Colbert doesn’t see it that way, and he made his feelings crystal clear Wednesday at the NFL Combine.
Colbert took exception when a reporter asked about the off-field antics that have engulfed the Pittsburgh Steelers in recent seasons.
“I really don’t agree with the perception that there is huge drama within the Pittsburgh Steelers locker room,” Colbert said.
Issues about the team’s culture were raised again with Antonio Brown’s trade request and his criticism on social media of quarterback Ben Roethlisberger and coach Mike Tomlin. Roethlisberger’s leadership was called into question, prompting Colbert last week to call the quarterback the “unquestioned leader” on the team. Brown’s antics led to questions about whether Tomlin had lost control of the team.
“Coach Tomlin treats our players like men,” Colbert said. “He gives them the opportunity to be a man. He tries to grow them not only as professional football players, but as fathers, as brothers, just as men. I really have a complete disagreement that the perception that our locker room is anything but very functional.”
Colbert was asked whether he has learned any lessons over the past two years in terms of how to deal with players such as Brown and holdout running back Le’Veon Bell in the landscape of building a team.
“We want players to grow into great players, Pro Bowlers, potential Hall of Famers,” Colbert said. “What we’re learning is, it’s a different world. … Social media has changed things. Branding has changed things. We have to do a better job of managing young players as they grow into megastars. That is something we’re learning on the fly. It’s a little more relevant this year because of Le’Veon’s situation and Antonio’s situation.
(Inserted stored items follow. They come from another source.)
lemma fact_add_le_fact_mult_pow2: "(fact (k + s) :: real) \<le> fact k * fact s * 2 ^ (k + s)"
proof -
  have "fact k * fact s * ((k + s) choose k) = (fact (k + s) :: nat)"
    using binomial_fact_lemma[of k "k + s"] by simp
  moreover have "(k + s) choose k \<le> 2 ^ (k + s)" by (rule binomial_le_pow2)
  ultimately have "fact (k + s) \<le> fact k * fact s * (2::nat) ^ (k + s)"
    by (metis mult_le_mono2)
  then have "real (fact (k + s)) \<le> real (fact k * fact s * 2 ^ (k + s))"
    by linarith
  then show ?thesis by simp
qed

lemma Taylor_term_le_geometric:
  fixes C \<mu> d :: real
  assumes "0 \<le> C" "0 \<le> \<mu>" "0 \<le> d" "4 * \<mu> * d \<le> 1"
  shows "C * fact (k + s) * \<mu> ^ (k + s) * d ^ s / fact s \<le> 2 ^ k * C * fact k * \<mu> ^ k * (1/2) ^ s"
proof -
  have "C * fact (k + s) * \<mu> ^ (k + s) * d ^ s \<le> C * (fact k * fact s * 2 ^ (k + s)) * \<mu> ^ (k + s) * d ^ s"
    using assms fact_add_le_fact_mult_pow2[of k s] by (intro mult_right_mono mult_left_mono) auto
  also have "\<dots> = fact s * (2 ^ k * C * fact k * \<mu> ^ k * (2 * \<mu> * d) ^ s)"
    by (simp add: power_add power_mult_distrib)
  also have "\<dots> \<le> fact s * (2 ^ k * C * fact k * \<mu> ^ k * (1/2) ^ s)"
    using assms by (intro mult_left_mono power_mono) auto
  finally show ?thesis
    by (simp add: divide_le_eq mult.commute)
qed

lemma pderiv2_shift_fst_bound:
  assumes an: "analytic_D2 F" and z': "(x', y) \<in> D2" and near: "cmod (x - x') < 1 - cmod x'"
    and C: "0 \<le> C" and \<mu>: "0 \<le> \<mu>" "4 * \<mu> * cmod (x - x') \<le> 1"
    and bd: "\<And>s. cmod (pderiv2 F (k + s) m (x', y)) \<le> C * fact (k + s) * \<mu> ^ (k + s)"
  shows "cmod (pderiv2 F k m (x, y)) \<le> 2 ^ Suc k * C * fact k * \<mu> ^ k"
proof -
  have y: "cmod y < 1" and x': "cmod x' < 1" using z' by (auto simp: D2_def)
  define g where "g = (deriv ^^ k) (\<lambda>w. pderiv2 F 0 m (w, y))"
  have "g holomorphic_on ball 0 1"
    unfolding g_def by (intro holomorphic_higher_deriv holomorphic_on_pderiv2_0_left[OF an y] open_ball)
  moreover have "ball x' (1 - cmod x') \<subseteq> ball 0 1"
  proof
    fix w assume "w \<in> ball x' (1 - cmod x')"
    then show "w \<in> ball 0 1"
      using norm_triangle_ineq2[of w x'] by (simp add: dist_norm norm_minus_commute)
  qed
  ultimately have g_hol: "g holomorphic_on ball x' (1 - cmod x')"
    by (rule holomorphic_on_subset)
  have g_deriv: "(deriv ^^ s) g x' = pderiv2 F (k + s) m (x', y)" for s
  proof -
    have "(deriv ^^ s) g = (deriv ^^ (s + k)) (\<lambda>w. pderiv2 F 0 m (w, y))"
      by (simp add: g_def funpow_add)
    then show ?thesis
      by (simp add: add.commute pderiv2_eq_higher_deriv_fst[of F "k + s"])
  qed
  have "cmod (g x) \<le> 2 * (2 ^ k * C * fact k * \<mu> ^ k)"
  proof (rule norm_le_of_Taylor_terms_le_geometric[OF g_hol near])
    fix s
    have "cmod (pderiv2 F (k + s) m (x', y)) * cmod (x - x') ^ s / fact s
        \<le> C * fact (k + s) * \<mu> ^ (k + s) * cmod (x - x') ^ s / fact s"
      using bd[of s] by (intro divide_right_mono mult_right_mono) auto
    also have "\<dots> \<le> 2 ^ k * C * fact k * \<mu> ^ k * (1/2) ^ s"
      by (rule Taylor_term_le_geometric) (use C \<mu> in auto)
    finally show "cmod ((deriv ^^ s) g x') * cmod (x - x') ^ s / fact s \<le> 2 ^ k * C * fact k * \<mu> ^ k * (1/2) ^ s"
      by (simp add: g_deriv)
  qed
  moreover have "g x = pderiv2 F k m (x, y)"
    by (simp add: g_def pderiv2_eq_higher_deriv_fst[of F k])
  ultimately show ?thesis by simp
qed
(* If gcd(m, ak) differs from gcd(m, k) for odd a, some prime factor of gcd(x^m - 1, x^(ak) - 1)
   does not divide x^k - 1: take one of the cofactor (x^h - 1)/(x^g - 1), which is 1 mod x^g - 1. *)
lemma prime_divisor_separating:
  fixes m k a :: nat
  assumes char2: "(2::'a::field_gcd) = 0"
    and "odd a" and "gcd m (a*k) \<noteq> gcd m k" and "m > 0"
  obtains q :: "'a::field_gcd poly" where "prime q" "q dvd monom 1 1 ^ m - 1"
    "q dvd monom 1 1 ^ (a*k) - 1" "\<not> q dvd monom 1 1 ^ k - 1"
proof -
  define X :: "'a poly" where "X = monom 1 1"
  define g where "g = gcd m k"
  define h where "h = gcd m (a*k)"
  have "g > 0" using assms(4) g_def by simp
  have "g dvd h" unfolding g_def h_def by (rule gcd_greatest) auto
  then obtain r where hr: "h = g * r" by blast
  have "h dvd gcd (a*m) (a*k)" unfolding h_def by (rule gcd_greatest) auto
  hence "g * r dvd g * a" unfolding hr g_def by (simp add: gcd_mult_distrib_nat mult.commute)
  hence "r dvd a" using \<open>g > 0\<close> by simp
  hence "odd r" using \<open>odd a\<close> dvd_trans by blast
  have "r \<noteq> 1" using hr assms(3) g_def h_def by auto
  have "r > 0" using \<open>odd r\<close> by (cases r) auto
  define Q where "Q = (\<Sum>i<r. (X^g)^i)"
  have factor: "X^h - 1 = (X^g - 1) * Q"
    unfolding Q_def hr power_mult by (rule power_diff_1_eq)
  have degrees: "degree (X^h - 1) = h" "degree (X^g - 1) = g"
    unfolding X_def using degree_x_power_minus_one[of h] degree_x_power_minus_one[of g]
      hr \<open>g > 0\<close> \<open>r > 0\<close> by simp_all
  have "Q \<noteq> 0" "X^g - 1 \<noteq> 0"
    using factor degrees hr \<open>g > 0\<close> \<open>r > 0\<close> by auto
  have "\<not> is_unit Q"
  proof
    assume "is_unit Q"
    hence "degree Q = 0" using \<open>Q \<noteq> 0\<close> is_unit_iff_degree by blast
    have "h = degree ((X^g - 1) * Q)" using degrees(1) factor by simp
    also have "\<dots> = g"
      using degree_mult_eq[OF \<open>X^g - 1 \<noteq> 0\<close> \<open>Q \<noteq> 0\<close>] degrees(2) \<open>degree Q = 0\<close> by simp
    finally show False using hr \<open>r \<noteq> 1\<close> \<open>g > 0\<close> by simp
  qed
  then obtain q where "prime q" "q dvd Q" using prime_divisor_exists \<open>Q \<noteq> 0\<close> by blast
  hence "q dvd X^h - 1" using factor by simp
  moreover have "h dvd m" "h dvd a*k" unfolding h_def by auto
  ultimately have "q dvd X^m - 1" "q dvd X^(a*k) - 1"
    using power_minus_one_dvd dvd_trans by blast+
  moreover have "\<not> q dvd X^k - 1"
  proof
    assume "q dvd X^k - 1"
    hence "q dvd X^g - 1"
      unfolding g_def using dvd_power_minus_one_gcd[OF \<open>q dvd X^m - 1\<close> _ assms(4)] by blast
    moreover have "X^g - 1 dvd Q - 1"
      using geometric_sum_cong[of "X^g" r] char2_of_nat_odd[OF char2_poly[OF char2] \<open>odd r\<close>]
      unfolding Q_def by simp
    ultimately have "q dvd Q - 1" by (rule dvd_trans)
    hence "q dvd 1" using dvd_diff_right_iff[OF \<open>q dvd Q\<close>] by blast
    thus False using \<open>prime q\<close> not_prime_unit by blast
  qed
  ultimately show ?thesis using that \<open>prime q\<close> unfolding X_def by blast
qed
The lesson is maybe we’ve got to catch these guys when they are young.
“Again, coach Tomlin is great at cultivating a young player into a young man and a great professional.”
Colbert found himself as part of a national discussion last week when he referenced Roethlisberger winning a Super Bowl and the team’s other players as “52 kids.”
Colbert said those criticizing him for the wording likely didn’t hear the entirety of his 30-minute interview. He said similar words were used during exits interviews with players after the season and that the same message was relayed to team captains Maurkice Pouncey and Cameron Heyward.
“Anytime I say anything in the media, I’m not afraid to say it to our players,” Colbert said, “and I probably have prior to that.”